By Marc Davis, Managing Editor
October, 2006

Corporate Overview

Wyn Developments Inc. (TSX.V: WL) (Frankfurt Exchange: YXE) (NASD.OTC: WYDPF) is a dynamically driven Canadian natural resources Company with a core focus on natural gas exploration and development. Most importantly, Wyn's privileged participation in medium-to-high-impact natural gas projects in northeastern British Columbia is already setting the stage for a steep trajectory of exponential cash flow growth.

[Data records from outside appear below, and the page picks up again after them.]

lemma nu_Q_pos_iff: "nu_Q c > 0 \<longleftrightarrow> (let a = fst (prod_decode c) in a mod 2 = 0 \<and> a \<noteq> 0)"
proof -
  obtain a b where ab: "prod_decode c = (a, b)" by (cases "prod_decode c")
  then have "nu_Q c > 0 \<longleftrightarrow> int_decode a > 0" by (simp add: nu_Q_def zero_less_divide_iff)
  also have "\<dots> \<longleftrightarrow> a mod 2 = 0 \<and> a \<noteq> 0"
    by (auto simp: int_decode_def sum_decode_def even_iff_mod_2_eq_zero[symmetric] elim: evenE)
  finally show ?thesis using ab by simp
qed

definition "diagP = Prec Zero (Comp addP [Proj 0, Comp leP [Comp triP [Comp Succ [Proj 0]], Proj 2]])"

lemma den_diagP: "den p diagP [k, c] = diag_index c k"
  by (induction k) (simp_all add: diagP_def)

definition "posP = Comp (ifzP 1 (Comp parP [Proj 0]) (Comp sgP [Proj 0]) Zero)
   [Comp monusP [Comp triP [Comp diagP [Proj 0, Proj 0]], Proj 0]]"

lemma den_posP: "den p posP [c] = (if nu_Q c > 0 then 1 else 0)"
proof -
  have "den p posP [c] =
    (let a = c - triangle (diag_index c c) in if a mod 2 = 0 then (if a = 0 then 0 else 1) else 0)"
    by (simp add: posP_def den_diagP Let_def)
  then show ?thesis by (simp add: nu_Q_pos_iff fst_prod_decode Let_def)
qed

text \<open>Position 5 of the paired input is r 2, an approximation of the solution
  up to 1/4.\<close>
definition "H_LLPO = Comp posP [Comp Orac [cnst 5]]"

lemma wf_H_LLPO: "wf_prog H_LLPO 1"
  by (simp add: H_LLPO_def posP_def diagP_def ifzP_def)

lemma den_H_LLPO: "den (bpair p r) H_LLPO [n] = (if nu_Q (r 2) > 0 then 1 else 0)"
  using bpair_odd[of p r 2] by (simp add: H_LLPO_def den_posP)

lemma LLPO_eq:
  assumes "\<forall>k l. p k \<noteq> 0 \<and> p l \<noteq> 0 \<longrightarrow> k = l"
  shows "LLPO p = {i. (i = 0 \<and> (\<forall>n. p (2 * n) = 0)) \<or> (i = 1 \<and> (\<forall>n. p (2 * n + 1) = 0))}"
  by (simp only: LLPO_def if_P[OF assms])

text \<open>Every point of the interval determines a correct answer: it is at least
  1/2 if p has a non-zero even entry and at most -1/2 if it has a non-zero odd one.\<close>
lemma H_LLPO_correct:
  assumes single: "\<forall>k l. p k \<noteq> 0 \<and> p l \<noteq> 0 \<longrightarrow> k = l"
    and t: "cauchy_name r t" "llpo_left p \<le> t" "t \<le> llpo_right p"
  shows "den (bpair p r) H_LLPO [0] \<in> LLPO p"
proof -
  have approx: "\<bar>nu_Q (r 2) - t\<bar> \<le> 1/4"
    using t(1) unfolding cauchy_name_def by (drule_tac x=2 in spec) (simp add: power2_eq_square)
  have evens: "\<forall>n. p (2 * n) = 0" if "\<not> (\<exists>j. even j \<and> p j \<noteq> 0)"
    using that by auto
  have odds: "\<forall>n. p (2 * n + 1) = 0" if "\<not> (\<exists>j. odd j \<and> p j \<noteq> 0)"
  proof
    fix n :: nat
    have "odd (2 * n + 1)" by simp
    then show "p (2 * n + 1) = 0" using that by blast
  qed
  show ?thesis
  proof (cases "\<exists>j. even j \<and> p j \<noteq> 0")
    case True
    then obtain j where j: "even j" "p j \<noteq> 0" by blast
    have "p (2 * n + 1) = 0" for n
    proof (rule ccontr)
      assume "p (2 * n + 1) \<noteq> 0"
      then have "2 * n + 1 = j" using single j(2) by blast
      then show False using j(1) by auto
    qed
    moreover have "1/2 \<le> t" using t(2) True by (simp add: llpo_left_def)
    then have "nu_Q (r 2) > 0" using approx by argo
    ultimately show ?thesis by (simp add: LLPO_eq[OF single] den_H_LLPO)
  next
    case False
    note no_even = evens[OF False]
    show ?thesis
    proof (cases "\<exists>j. odd j \<and> p j \<noteq> 0")
      case True
      then have "t \<le> -1/2" using t(3) by (simp add: llpo_right_def)
      then have "\<not> nu_Q (r 2) > 0" using approx by argo
      then show ?thesis using no_even by (simp add: LLPO_eq[OF single] den_H_LLPO)
    next
      case False
      then show ?thesis using no_even odds by (simp add: LLPO_eq[OF single] den_H_LLPO)
    qed
  qed
qed

text \<open>An instance of LLPO has at most one non-zero entry, so it cannot have
  both a non-zero even and a non-zero odd entry.\<close>
lemma llpo_left_less_right:
  assumes single: "\<forall>k l. p k \<noteq> 0 \<and> p l \<noteq> 0 \<longrightarrow> k = l"
  shows "llpo_left p < llpo_right p"
proof -
  have "\<not> ((\<exists>j. even j \<and> p j \<noteq> 0) \<and> (\<exists>j. odd j \<and> p j \<noteq> 0))"
  proof
    assume "(\<exists>j. even j \<and> p j \<noteq> 0) \<and> (\<exists>j. odd j \<and> p j \<noteq> 0)"
    then obtain i j where "even i" "p i \<noteq> 0" "odd j" "p j \<noteq> 0" by blast
    moreover from single \<open>p i \<noteq> 0\<close> \<open>p j \<noteq> 0\<close> have "i = j" by blast
    ultimately show False by simp
  qed
  then show ?thesis by (auto simp: llpo_left_def llpo_right_def)
qed

theorem LLPO_le_BI:
  "weihrauch_le rep_baire rep_nat LLPO (rep_prod rep_lower rep_upper) rep_cauchy B_I_minus"
proof (rule weihrauch_le_by_programs[OF wf_K_LLPO wf_H_LLPO])
  fix p x assume "rep_baire p = Some x" "LLPO x \<noteq> {}"
  then have x: "x = p" and single: "\<forall>k l. p k \<noteq> 0 \<and> p l \<noteq> 0 \<longrightarrow> k = l"
    by (auto simp: rep_baire_def LLPO_def split: if_splits)
  let ?u = "(llpo_left p, llpo_right p)"
  have name: "rep_prod rep_lower rep_upper (\<lambda>n. den p K_LLPO [n]) = Some ?u"
    using lower_name_K_LLPO upper_name_K_LLPO by (simp add: rep_prod_iff)
  have proper: "llpo_left p < llpo_right p"
    using single by (rule llpo_left_less_right)
  have solve: "\<exists>y. rep_nat (\<lambda>n. den (bpair p r) H_LLPO [n]) = Some y \<and> y \<in> LLPO x"
    if "rep_cauchy r = Some v" "v \<in> B_I_minus ?u" for r v
  proof -
    have "cauchy_name r v" "llpo_left p \<le> v" "v \<le> llpo_right p"
      using that proper by (auto simp: rep_cauchy_iff B_I_minus_def)
    then have "den (bpair p r) H_LLPO [0] \<in> LLPO p" by (rule H_LLPO_correct[OF single])
    then show ?thesis using x by (simp add: rep_nat_def)
  qed
  show "\<exists>u. rep_prod rep_lower rep_upper (\<lambda>n. den p K_LLPO [n]) = Some u \<and>
      B_I_minus u \<noteq> {} \<and>
      (\<forall>r v. rep_cauchy r = Some v \<longrightarrow> v \<in> B_I_minus u \<longrightarrow>
         (\<exists>y. rep_nat (\<lambda>n. den (bpair p r) H_LLPO [n]) = Some y \<and> y \<in> LLPO x))"
    using name proper solve by (intro exI[of _ ?u]) (simp add: B_I_minus_def)
qed

section \<open>The reverse reductions fail: a continuity argument\<close>

text \<open>A reduction to a problem with natural-number answers must in particular
  work with the realizer that answers c k on instance k, for any choice
  function c, computable or not.\<close>
lemma weihrauch_le_discrete:
  assumes "weihrauch_le \<delta>X \<delta>Y f rep_baire rep_nat g" and "\<And>k. g k \<noteq> {} \<Longrightarrow> c k \<in> g k"
  shows "\<exists>H K. computable H \<and> computable K \<and>
    (\<forall>p x. \<delta>X p = Some x \<longrightarrow> f x \<noteq> {} \<longrightarrow>
       (\<exists>k q y. K p = Some k \<and> H (bpair p (\<lambda>_. c k)) = Some q \<and> \<delta>Y q = Some y \<and> y \<in> f x))"
proof -
  obtain H K where HK: "computable H" "computable K" and
    reduce: "\<And>G. realizer rep_baire rep_nat g G \<Longrightarrow>
      realizer \<delta>X \<delta>Y f (\<lambda>p. Option.bind (K p) (\<lambda>k. Option.bind (G k) (\<lambda>r. H (bpair p r))))"
    using assms(1) unfolding weihrauch_le_def by blast
  have "realizer rep_baire rep_nat g (\<lambda>k. Some (\<lambda>_. c k))"
    using assms(2) by (auto simp: realizer_def rep_baire_def rep_nat_def)
  then have "realizer \<delta>X \<delta>Y f (\<lambda>p. Option.bind (K p) (\<lambda>k. H (bpair p (\<lambda>_. c k))))"
    using reduce by fastforce
  then have "\<forall>p x. \<delta>X p = Some x \<longrightarrow> f x \<noteq> {} \<longrightarrow>
       (\<exists>k q y. K p = Some k \<and> H (bpair p (\<lambda>_. c k)) = Some q \<and> \<delta>Y q = Some y \<and> y \<in> f x)"
    unfolding realizer_def bind_eq_Some_conv by blast
  with HK show ?thesis by blast
qed

text \<open>Let c k answer a if the instance k has the
  finitely witnessed property P and b otherwise.  Then the output of the
  reduction, as a function of its input p on a set D, is continuous at some
  point: either P holds at some K p, and by continuity of K near p as well, or
  P fails on all of K ` D.  In both cases the answer is locally constant, and
  then continuity of H takes over.\<close>
lemma discrete_reduction_continuous_somewhere:
  assumes H: "computable H" and K: "computable K" and "p0 \<in> D"
    and defined: "\<And>p. p \<in> D \<Longrightarrow> \<exists>k q. K p = Some k \<and> H (bpair p (\<lambda>_. c k)) = Some q"
    and witnessed: "\<And>k. P k \<Longrightarrow> \<exists>n. \<forall>k'. k' n = k n \<longrightarrow> P k'"
    and answer: "\<And>k. c k = (if P k then a else b)"
  shows "\<exists>p k q. p \<in> D \<and> K p = Some k \<and> H (bpair p (\<lambda>_. c k)) = Some q \<and>
    (\<forall>m. \<exists>N. \<forall>p' k' q'. p' \<in> D \<longrightarrow> agree N p p' \<longrightarrow> K p' = Some k' \<longrightarrow>
        H (bpair p' (\<lambda>_. c k')) = Some q' \<longrightarrow> q' m = q m)"
proof -
  obtain p k N where p: "p \<in> D" "K p = Some k"
    and stable: "\<And>p' k'. p' \<in> D \<Longrightarrow> agree N p p' \<Longrightarrow> K p' = Some k' \<Longrightarrow> c k' = c k"
  proof (cases "\<exists>p\<in>D. \<exists>k. K p = Some k \<and> P k")
    case True
    then obtain p k where p: "p \<in> D" "K p = Some k" "P k" by blast
    then obtain n where n: "\<forall>k'. k' n = k n \<longrightarrow> P k'" using witnessed by blast
    obtain N where N: "\<forall>p' k'. agree N p p' \<longrightarrow> K p' = Some k' \<longrightarrow> k' n = k n"
      using computable_continuous[of K p k n, OF K p(2)] by (rule exE)
    have "c k' = c k" if "agree N p p'" "K p' = Some k'" for p' k'
      using N n p(3) that by (simp add: answer)
    then show thesis by (rule that[OF p(1,2)]) blast
  next
    case False
    obtain k where "K p0 = Some k" using defined \<open>p0 \<in> D\<close> by blast
    moreover have "c k' = c k" if "p' \<in> D" "K p' = Some k'" for p' k'
      using False \<open>K p0 = Some k\<close> \<open>p0 \<in> D\<close> that by (auto simp: answer)
    ultimately show thesis using \<open>p0 \<in> D\<close> by (rule_tac that) blast+
  qed
  obtain q where q: "H (bpair p (\<lambda>_. c k)) = Some q" using defined p by force
  have "\<exists>N'. \<forall>p' k' q'. p' \<in> D \<longrightarrow> agree N' p p' \<longrightarrow> K p' = Some k' \<longrightarrow>
      H (bpair p' (\<lambda>_. c k')) = Some q' \<longrightarrow> q' m = q m" for m
  proof -
    obtain M where M: "\<forall>r q'. agree M (bpair p (\<lambda>_. c k)) r \<longrightarrow> H r = Some q' \<longrightarrow> q' m = q m"
      using computable_continuous[of H "bpair p (\<lambda>_. c k)" q m, OF H q] by (rule exE)
    have "q' m = q m" if p': "p' \<in> D" "agree (max N M) p p'" "K p' = Some k'"
      "H (bpair p' (\<lambda>_. c k')) = Some q'" for p' k' q'
    proof -
      from agree_max[OF p'(2)] have agree_N: "agree N p p'" and agree_M: "agree M p p'" by auto
      have "c k' = c k" by (rule stable[OF p'(1) agree_N p'(3)])
      moreover have "agree M (bpair p (\<lambda>_. c k)) (bpair p' (\<lambda>_. c k))"
        by (rule agree_bpair[OF agree_M])
      ultimately show ?thesis using M p'(4) by simp
    qed
    then show ?thesis by blast
  qed
  with p q show ?thesis by blast
qed

definition lpo_answer :: "baire \<Rightarrow> nat" where
  "lpo_answer k = (if \<exists>n. k n = 0 then 0 else 1)"

lemma lpo_answer_LPO: "lpo_answer k \<in> LPO k"
  by (simp add: lpo_answer_def LPO_def)

lemma lower_name_raise:
  assumes "lower_name p x"
  shows "\<exists>p' z. lower_name p' z \<and> agree N p p' \<and> w \<le> z"
proof -
  define z :: nat where "z = nat \<lceil>\<bar>x\<bar> + \<bar>w\<bar>\<rceil>"
  have z: "w \<le> real z" "x \<le> real z" unfolding z_def by linarith+
  define p' where "p' = (\<lambda>i. if i < N then p i else nat_code z)"
  have "lower_name p' (real z)"
    unfolding lower_name_def
  proof (intro conjI allI impI)
    show "nu_Q (p' n) \<le> real z" for n
      using assms z by (auto simp: p'_def lower_name_def nu_Q_nat_code intro: order_trans)
    show "\<exists>n. real z - e < nu_Q (p' n)" if "0 < e" for e :: real
      using that by (intro exI[of _ N]) (simp add: p'_def nu_Q_nat_code)
  qed
  moreover have "agree N p p'" by (simp add: agree_def p'_def)
  ultimately show ?thesis using z by blast
qed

The Company (www.wyndevelopments.ca) is following a shrewd strategy of farming-in (earning-in) as a minority partner on ‘company maker’ drilling programs. Ones that are operated by industry heavyweights with proven track records of success in this under-developed, hydrocarbon-rich region.

 

Furthermore, this ideal scenario offers investors considerable leveraged exposure to ‘elephant-sized’ targets and other emerging natural gas fields (like the Halfway pool discoveries) on a very cost-efficient basis. At the same time, Wyn’s currently undervalued share price is underpinned by very strong fundamentals, which we will soon discuss.

 

Indeed, SmallCapMedia’s belief that Wyn has exceptional growth potential is underscored by our solid track record for identifying up-and-coming stocks. Ones that have quickly become high-performance standouts in the natural resources investment sector. Thus, we believe that Wyn is yet another winner in the making.

 

We will now discuss the Company's key value drivers. All of which should propel Wyn into the highly profitable realm of North America's fastest emerging mid-tier natural gas producers. And all within the next several years.

 

This corporate assessment will first discuss the 'sizzle' in Wyn's story – the Prophet Lake Project. Then we'll talk about the 'steak', which involves Wyn's involvement in the recent discovery of an important new natural gas field.

 

This milestone discovery means that Wyn is already on-track for production revenues from the first several wells to tap into this new hydrocarbon-rich find. In due course, the advent of many more offset wells coming on-stream could eventually generate Wyn millions of dollars in monthly revenues. More on this later.

 

A World-Class Natural Gas Discovery at Prophet Lake?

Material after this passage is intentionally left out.